═══ SUPPLIED DATA

(* Let $A,B \in M_n(\mathbb{R}_+)$ be simultaneously triangularizable. Then the family $\{A, B, [A,B]_\oplus\}$ is also simultaneously triangularizable, where $[A,B]_\oplus = AB \oplus BA$.
   Context: Max algebra: $\mathbb{R}_+$ the nonnegative reals with $a\oplus b=\max\{a,b\}$ and ordinary multiplication; for $A,B\in M_n(\mathbb{R}_+)$, $(AB)_{ij}=\max_k a_{ik}b_{kj}$ and $(A\oplus B)_{ij}=\max\{a_{ij},b_{ij}\}$. $GL_n(\mathbb{R}_+)$ is the set of matrices invertible under this product (the generalized permutation matrices). A family of matrices is simultaneously triangularizable if there is one $P\in GL_n(\mathbb{R}_+)$ such that $P^{-1}XP$ is upper triangular for every member $X$ of the family. $[A,B]_\oplus=AB\oplus BA$ is the max commutator. *)

theory Defs
  imports Main "HOL.Real"
begin

text \<open>n x n matrices over the max algebra R_+ are represented as functions
  nat => nat => real; only the entries with indices below n are relevant.\<close>

type_synonym mat = "nat \<Rightarrow> nat \<Rightarrow> real"

definition nonneg_mat :: "nat \<Rightarrow> mat \<Rightarrow> bool" where
  "nonneg_mat n A \<longleftrightarrow> (\<forall>i<n. \<forall>j<n. 0 \<le> A i j)"

definition mat_eq :: "nat \<Rightarrow> mat \<Rightarrow> mat \<Rightarrow> bool" where
  "mat_eq n A B \<longleftrightarrow> (\<forall>i<n. \<forall>j<n. A i j = B i j)"

definition max_mult :: "nat \<Rightarrow> mat \<Rightarrow> mat \<Rightarrow> mat" where
  "max_mult n A B = (\<lambda>i j. MAX k\<in>{..<n}. A i k * B k j)"

definition max_add :: "mat \<Rightarrow> mat \<Rightarrow> mat" where
  "max_add A B = (\<lambda>i j. max (A i j) (B i j))"

definition id_mat :: mat where
  "id_mat = (\<lambda>i j. if i = j then 1 else 0)"

definition max_commutator :: "nat \<Rightarrow> mat \<Rightarrow> mat \<Rightarrow> mat" where
  "max_commutator n A B = max_add (max_mult n A B) (max_mult n B A)"

definition upper_triangular :: "nat \<Rightarrow> mat \<Rightarrow> bool" where
  "upper_triangular n A \<longleftrightarrow> (\<forall>i<n. \<forall>j<n. j < i \<longrightarrow> A i j = 0)"

definition max_inverse :: "nat \<Rightarrow> mat \<Rightarrow> mat \<Rightarrow> bool" where
  "max_inverse n P Q \<longleftrightarrow> nonneg_mat n P \<and> nonneg_mat n Q \<and>
     mat_eq n (max_mult n P Q) id_mat \<and> mat_eq n (max_mult n Q P) id_mat"

definition sim_triangularizable :: "nat \<Rightarrow> mat set \<Rightarrow> bool" where
  "sim_triangularizable n F \<longleftrightarrow>
     (\<exists>P Q. max_inverse n P Q \<and>
        (\<forall>X\<in>F. upper_triangular n (max_mult n (max_mult n Q X) P)))"

end

theory Submission
  imports Defs
begin

text \<open>Conjugation X \<mapsto> Q X P by an invertible P with inverse Q is a homomorphism of the
  max algebra on nonnegative matrices: it respects \<oplus> outright, and it respects the product
  because the inner factor P Q cancels. Hence Q [A,B] P = [Q A P, Q B P] for the max commutator,
  which is upper triangular because upper triangular matrices are closed under the max-algebra
  product and sum.\<close>

lemma Max_distrib_left:
  fixes c :: "'b::linordered_semiring"
  assumes "c \<ge> 0" "finite K" "K \<noteq> {}"
  shows "c * (MAX k\<in>K. f k) = (MAX k\<in>K. c * f k)"
proof -
  have "mono (\<lambda>x. c * x)" using assms(1) by (simp add: mono_def mult_left_mono)
  then show ?thesis
    using mono_Max_commute[of "\<lambda>x. c * x" "f ` K"] assms by (simp add: image_image)
qed

lemma Max_distrib_right:
  fixes c :: "'b::linordered_semiring"
  assumes "c \<ge> 0" "finite K" "K \<noteq> {}"
  shows "(MAX k\<in>K. f k) * c = (MAX k\<in>K. f k * c)"
proof -
  have "mono (\<lambda>x. x * c)" using assms(1) by (simp add: mono_def mult_right_mono)
  then show ?thesis
    using mono_Max_commute[of "\<lambda>x. x * c" "f ` K"] assms by (simp add: image_image)
qed

lemma Max_swap:
  fixes f :: "'a \<Rightarrow> 'b \<Rightarrow> 'c::linorder"
  assumes "finite K" "K \<noteq> {}" "finite L" "L \<noteq> {}"
  shows "(MAX l\<in>L. MAX k\<in>K. f k l) = (MAX k\<in>K. MAX l\<in>L. f k l)"
proof -
  have "f k l \<le> (MAX k\<in>K. MAX l\<in>L. f k l)" "f k l \<le> (MAX l\<in>L. MAX k\<in>K. f k l)"
    if "k \<in> K" "l \<in> L" for k l
    using assms that by (meson Max_ge finite_imageI imageI order.trans)+
  then show ?thesis
    using assms by (intro antisym) simp_all
qed

lemma Max_max_distrib:
  fixes f g :: "'a \<Rightarrow> 'b::linorder"
  assumes "finite K" "K \<noteq> {}"
  shows "(MAX k\<in>K. max (f k) (g k)) = max (MAX k\<in>K. f k) (MAX k\<in>K. g k)"
proof (rule antisym)
  have "max (f k) (g k) \<le> max (MAX k\<in>K. f k) (MAX k\<in>K. g k)" if "k \<in> K" for k
    using assms that by (intro max.mono Max_ge) auto
  then show "(MAX k\<in>K. max (f k) (g k)) \<le> max (MAX k\<in>K. f k) (MAX k\<in>K. g k)"
    using assms by (intro Max.boundedI) auto
  have "f k \<le> (MAX k\<in>K. max (f k) (g k)) \<and> g k \<le> (MAX k\<in>K. max (f k) (g k))"
    if "k \<in> K" for k
    using assms that by (meson Max_ge finite_imageI imageI max.bounded_iff)
  then show "max (MAX k\<in>K. f k) (MAX k\<in>K. g k) \<le> (MAX k\<in>K. max (f k) (g k))"
    using assms by simp
qed

lemma mat_eq_refl [simp]: "mat_eq n A A"
  by (simp add: mat_eq_def)

lemma mat_eq_sym: "mat_eq n A B \<Longrightarrow> mat_eq n B A"
  by (simp add: mat_eq_def)

lemma mat_eq_trans [trans]: "mat_eq n A B \<Longrightarrow> mat_eq n B C \<Longrightarrow> mat_eq n A C"
  by (simp add: mat_eq_def)

lemma max_mult_cong:
  "mat_eq n X X' \<Longrightarrow> mat_eq n Y Y' \<Longrightarrow> mat_eq n (max_mult n X Y) (max_mult n X' Y')"
  by (simp add: mat_eq_def max_mult_def)

lemma nonneg_mat_max_mult:
  assumes "nonneg_mat n X" "nonneg_mat n Y"
  shows "nonneg_mat n (max_mult n X Y)"
  unfolding nonneg_mat_def max_mult_def
proof (intro allI impI)
  fix i j assume "i < n" "j < n"
  then have "0 \<le> X i 0 * Y 0 j" using assms by (simp add: nonneg_mat_def)
  also have "\<dots> \<le> (MAX k\<in>{..<n}. X i k * Y k j)"
    using \<open>i < n\<close> by (intro Max_ge) auto
  finally show "0 \<le> (MAX k\<in>{..<n}. X i k * Y k j)" .
qed

text \<open>Only the outer factors are pulled out of a maximum, so only they need to be nonnegative.\<close>
lemma max_mult_assoc:
  assumes "nonneg_mat n X" "nonneg_mat n Z"
  shows "mat_eq n (max_mult n (max_mult n X Y) Z) (max_mult n X (max_mult n Y Z))"
  unfolding mat_eq_def
proof (intro allI impI)
  fix i j assume ij: "i < n" "j < n"
  then have ne: "{..<n} \<noteq> {}" by auto
  have "max_mult n (max_mult n X Y) Z i j = (MAX l\<in>{..<n}. (MAX k\<in>{..<n}. X i k * Y k l) * Z l j)"
    by (simp add: max_mult_def)
  also have "\<dots> = (MAX l\<in>{..<n}. MAX k\<in>{..<n}. X i k * Y k l * Z l j)"
    using assms(2) ij ne
    by (intro arg_cong[where f = Max] image_cong refl Max_distrib_right) (auto simp: nonneg_mat_def)
  also have "\<dots> = (MAX k\<in>{..<n}. MAX l\<in>{..<n}. X i k * Y k l * Z l j)"
    using ne by (intro Max_swap) auto
  also have "\<dots> = (MAX k\<in>{..<n}. X i k * (MAX l\<in>{..<n}. Y k l * Z l j))"
    using assms(1) ij ne
    by (intro arg_cong[where f = Max] image_cong refl)
      (auto simp: nonneg_mat_def Max_distrib_left mult.assoc)
  also have "\<dots> = max_mult n X (max_mult n Y Z) i j"
    by (simp add: max_mult_def)
  finally show "max_mult n (max_mult n X Y) Z i j = max_mult n X (max_mult n Y Z) i j" .
qed

lemma max_add_cong:
  "mat_eq n X X' \<Longrightarrow> mat_eq n Y Y' \<Longrightarrow> mat_eq n (max_add X Y) (max_add X' Y')"
  by (simp add: mat_eq_def max_add_def)

lemma max_mult_max_add_distrib_right:
  assumes "nonneg_mat n Z"
  shows "mat_eq n (max_mult n (max_add X Y) Z) (max_add (max_mult n X Z) (max_mult n Y Z))"
  unfolding mat_eq_def
proof (intro allI impI)
  fix i j assume "i < n" "j < n"
  with assms have "max_mult n (max_add X Y) Z i j =
      (MAX k\<in>{..<n}. max (X i k * Z k j) (Y i k * Z k j))"
    unfolding max_mult_def max_add_def nonneg_mat_def
    by (intro arg_cong[where f = Max] image_cong) (auto simp: max_mult_distrib_right)
  also have "\<dots> = max_add (max_mult n X Z) (max_mult n Y Z) i j"
    using \<open>i < n\<close> by (simp add: Max_max_distrib max_mult_def max_add_def lessThan_empty_iff)
  finally show "max_mult n (max_add X Y) Z i j = max_add (max_mult n X Z) (max_mult n Y Z) i j" .
qed

lemma max_mult_max_add_distrib_left:
  assumes "nonneg_mat n Z"
  shows "mat_eq n (max_mult n Z (max_add X Y)) (max_add (max_mult n Z X) (max_mult n Z Y))"
  unfolding mat_eq_def
proof (intro allI impI)
  fix i j assume "i < n" "j < n"
  with assms have "max_mult n Z (max_add X Y) i j =
      (MAX k\<in>{..<n}. max (Z i k * X k j) (Z i k * Y k j))"
    unfolding max_mult_def max_add_def nonneg_mat_def
    by (intro arg_cong[where f = Max] image_cong) (auto simp: max_mult_distrib_left)
  also have "\<dots> = max_add (max_mult n Z X) (max_mult n Z Y) i j"
    using \<open>i < n\<close> by (simp add: Max_max_distrib max_mult_def max_add_def lessThan_empty_iff)
  finally show "max_mult n Z (max_add X Y) i j = max_add (max_mult n Z X) (max_mult n Z Y) i j" .
qed

lemma max_mult_id_left:
  assumes "nonneg_mat n Y"
  shows "mat_eq n (max_mult n id_mat Y) Y"
  unfolding mat_eq_def max_mult_def id_mat_def
proof (intro allI impI)
  fix i j assume "i < n" "j < n"
  show "(MAX k\<in>{..<n}. (if i = k then 1 else 0) * Y k j) = Y i j"
  proof (rule Max_eqI)
    show "y \<le> Y i j" if "y \<in> (\<lambda>k. (if i = k then 1 else 0) * Y k j) ` {..<n}" for y
      using that assms \<open>i < n\<close> \<open>j < n\<close> by (auto simp: nonneg_mat_def)
    show "Y i j \<in> (\<lambda>k. (if i = k then 1 else 0) * Y k j) ` {..<n}"
      using \<open>i < n\<close> by (intro image_eqI[where x = i]) simp_all
  qed simp
qed

lemma max_inverse_cancel_left:
  assumes "max_inverse n P Q" "nonneg_mat n Z"
  shows "mat_eq n (max_mult n P (max_mult n Q Z)) Z"
proof -
  have "nonneg_mat n P" "mat_eq n (max_mult n P Q) id_mat"
    using assms(1) by (simp_all add: max_inverse_def)
  then have "mat_eq n (max_mult n P (max_mult n Q Z)) (max_mult n (max_mult n P Q) Z)"
    using assms(2) by (intro mat_eq_sym[OF max_mult_assoc])
  also have "mat_eq n \<dots> (max_mult n id_mat Z)"
    using \<open>mat_eq n (max_mult n P Q) id_mat\<close> by (simp add: max_mult_cong)
  also have "mat_eq n \<dots> Z"
    using assms(2) by (rule max_mult_id_left)
  finally show ?thesis .
qed

definition max_conj :: "nat \<Rightarrow> mat \<Rightarrow> mat \<Rightarrow> mat \<Rightarrow> mat" where
  "max_conj n P Q X = max_mult n (max_mult n Q X) P"

lemma max_conj_max_mult:
  assumes inv: "max_inverse n P Q" and X: "nonneg_mat n X" and Y: "nonneg_mat n Y"
  shows "mat_eq n (max_mult n (max_conj n P Q X) (max_conj n P Q Y))
    (max_conj n P Q (max_mult n X Y))"
proof -
  have P: "nonneg_mat n P" and Q: "nonneg_mat n Q"
    using inv by (simp_all add: max_inverse_def)
  have YP: "nonneg_mat n (max_mult n Y P)"
    using Y P by (rule nonneg_mat_max_mult)
  have "mat_eq n (max_mult n P (max_mult n (max_mult n Q Y) P))
      (max_mult n P (max_mult n Q (max_mult n Y P)))"
    by (intro max_mult_cong mat_eq_refl max_mult_assoc Q P)
  also have "mat_eq n \<dots> (max_mult n Y P)"
    using inv YP by (rule max_inverse_cancel_left)
  finally have PQYP: "mat_eq n (max_mult n P (max_mult n (max_mult n Q Y) P)) (max_mult n Y P)" .
  have "mat_eq n (max_mult n (max_conj n P Q X) (max_conj n P Q Y))
      (max_mult n (max_mult n Q X) (max_mult n P (max_mult n (max_mult n Q Y) P)))"
    unfolding max_conj_def using Q X Y P by (intro max_mult_assoc nonneg_mat_max_mult)
  also have "mat_eq n \<dots> (max_mult n (max_mult n Q X) (max_mult n Y P))"
    using PQYP by (simp add: max_mult_cong)
  also have "mat_eq n \<dots> (max_mult n Q (max_mult n X (max_mult n Y P)))"
    using Q YP by (rule max_mult_assoc)
  also have "mat_eq n \<dots> (max_mult n Q (max_mult n (max_mult n X Y) P))"
    by (intro max_mult_cong mat_eq_refl mat_eq_sym[OF max_mult_assoc] X P)
  also have "mat_eq n \<dots> (max_conj n P Q (max_mult n X Y))"
    unfolding max_conj_def using Q P by (rule mat_eq_sym[OF max_mult_assoc])
  finally show ?thesis .
qed

lemma max_conj_max_add:
  assumes "nonneg_mat n P" "nonneg_mat n Q"
  shows "mat_eq n (max_conj n P Q (max_add X Y)) (max_add (max_conj n P Q X) (max_conj n P Q Y))"
proof -
  have "mat_eq n (max_conj n P Q (max_add X Y))
      (max_mult n (max_add (max_mult n Q X) (max_mult n Q Y)) P)"
    unfolding max_conj_def using assms(2) by (simp add: max_mult_cong max_mult_max_add_distrib_left)
  also have "mat_eq n \<dots> (max_add (max_conj n P Q X) (max_conj n P Q Y))"
    unfolding max_conj_def using assms(1) by (rule max_mult_max_add_distrib_right)
  finally show ?thesis .
qed

lemma max_conj_max_commutator:
  assumes inv: "max_inverse n P Q" and "nonneg_mat n A" "nonneg_mat n B"
  shows "mat_eq n (max_conj n P Q (max_commutator n A B))
    (max_commutator n (max_conj n P Q A) (max_conj n P Q B))"
proof -
  have "nonneg_mat n P" "nonneg_mat n Q"
    using inv by (simp_all add: max_inverse_def)
  then have "mat_eq n (max_conj n P Q (max_commutator n A B))
      (max_add (max_conj n P Q (max_mult n A B)) (max_conj n P Q (max_mult n B A)))"
    unfolding max_commutator_def by (rule max_conj_max_add)
  also have "mat_eq n \<dots> (max_commutator n (max_conj n P Q A) (max_conj n P Q B))"
    unfolding max_commutator_def using assms
    by (intro max_add_cong mat_eq_sym[OF max_conj_max_mult])
  finally show ?thesis .
qed

lemma upper_triangular_max_mult:
  assumes "upper_triangular n U" "upper_triangular n V"
  shows "upper_triangular n (max_mult n U V)"
  unfolding upper_triangular_def
proof (intro allI impI)
  fix i j assume "i < n" "j < n" "j < i"
  with assms have "U i k * V k j = 0" if "k < n" for k
    using that by (cases "k < i") (simp_all add: upper_triangular_def)
  then have "max_mult n U V i j = (MAX k\<in>{..<n}. 0)"
    unfolding max_mult_def by (intro arg_cong[where f = Max] image_cong) simp_all
  with \<open>i < n\<close> show "max_mult n U V i j = 0"
    by (simp add: lessThan_empty_iff)
qed

lemma upper_triangular_max_add:
  "upper_triangular n U \<Longrightarrow> upper_triangular n V \<Longrightarrow> upper_triangular n (max_add U V)"
  by (simp add: upper_triangular_def max_add_def)

lemma upper_triangular_max_commutator:
  "upper_triangular n U \<Longrightarrow> upper_triangular n V \<Longrightarrow> upper_triangular n (max_commutator n U V)"
  by (simp add: max_commutator_def upper_triangular_max_add upper_triangular_max_mult)

lemma upper_triangular_mat_eq:
  "mat_eq n U V \<Longrightarrow> upper_triangular n U \<Longrightarrow> upper_triangular n V"
  by (simp add: upper_triangular_def mat_eq_def)

theorem lemma3p6:
  fixes n :: nat and A B :: mat
  assumes "nonneg_mat n A" and "nonneg_mat n B"
    and "sim_triangularizable n {A, B}"
  shows "sim_triangularizable n {A, B, max_commutator n A B}"
proof -
  obtain P Q where inv: "max_inverse n P Q"
    and A: "upper_triangular n (max_conj n P Q A)" and B: "upper_triangular n (max_conj n P Q B)"
    using assms(3) by (auto simp: sim_triangularizable_def max_conj_def)
  have "upper_triangular n (max_commutator n (max_conj n P Q A) (max_conj n P Q B))"
    using A B by (rule upper_triangular_max_commutator)
  then have "upper_triangular n (max_conj n P Q (max_commutator n A B))"
    by (rule upper_triangular_mat_eq[OF mat_eq_sym[OF max_conj_max_commutator[OF inv assms(1,2)]]])
  with inv A B show ?thesis
    by (auto simp: sim_triangularizable_def max_conj_def)
qed

end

══════

YOUR TASK:
Copy only this part of the entries above: the line with "unfolding max_mult_def by", the line with "upper_triangular n (max_add", and the lines between, all exactly as written.

TASK RESPONSE:
    unfolding max_mult_def by (intro arg_cong[where f = Max] image_cong) simp_all
  with \<open>i < n\<close> show "max_mult n U V i j = 0"
    by (simp add: lessThan_empty_iff)
qed

lemma upper_triangular_max_add:
  "upper_triangular n U \<Longrightarrow> upper_triangular n V \<Longrightarrow> upper_triangular n (max_add U V)"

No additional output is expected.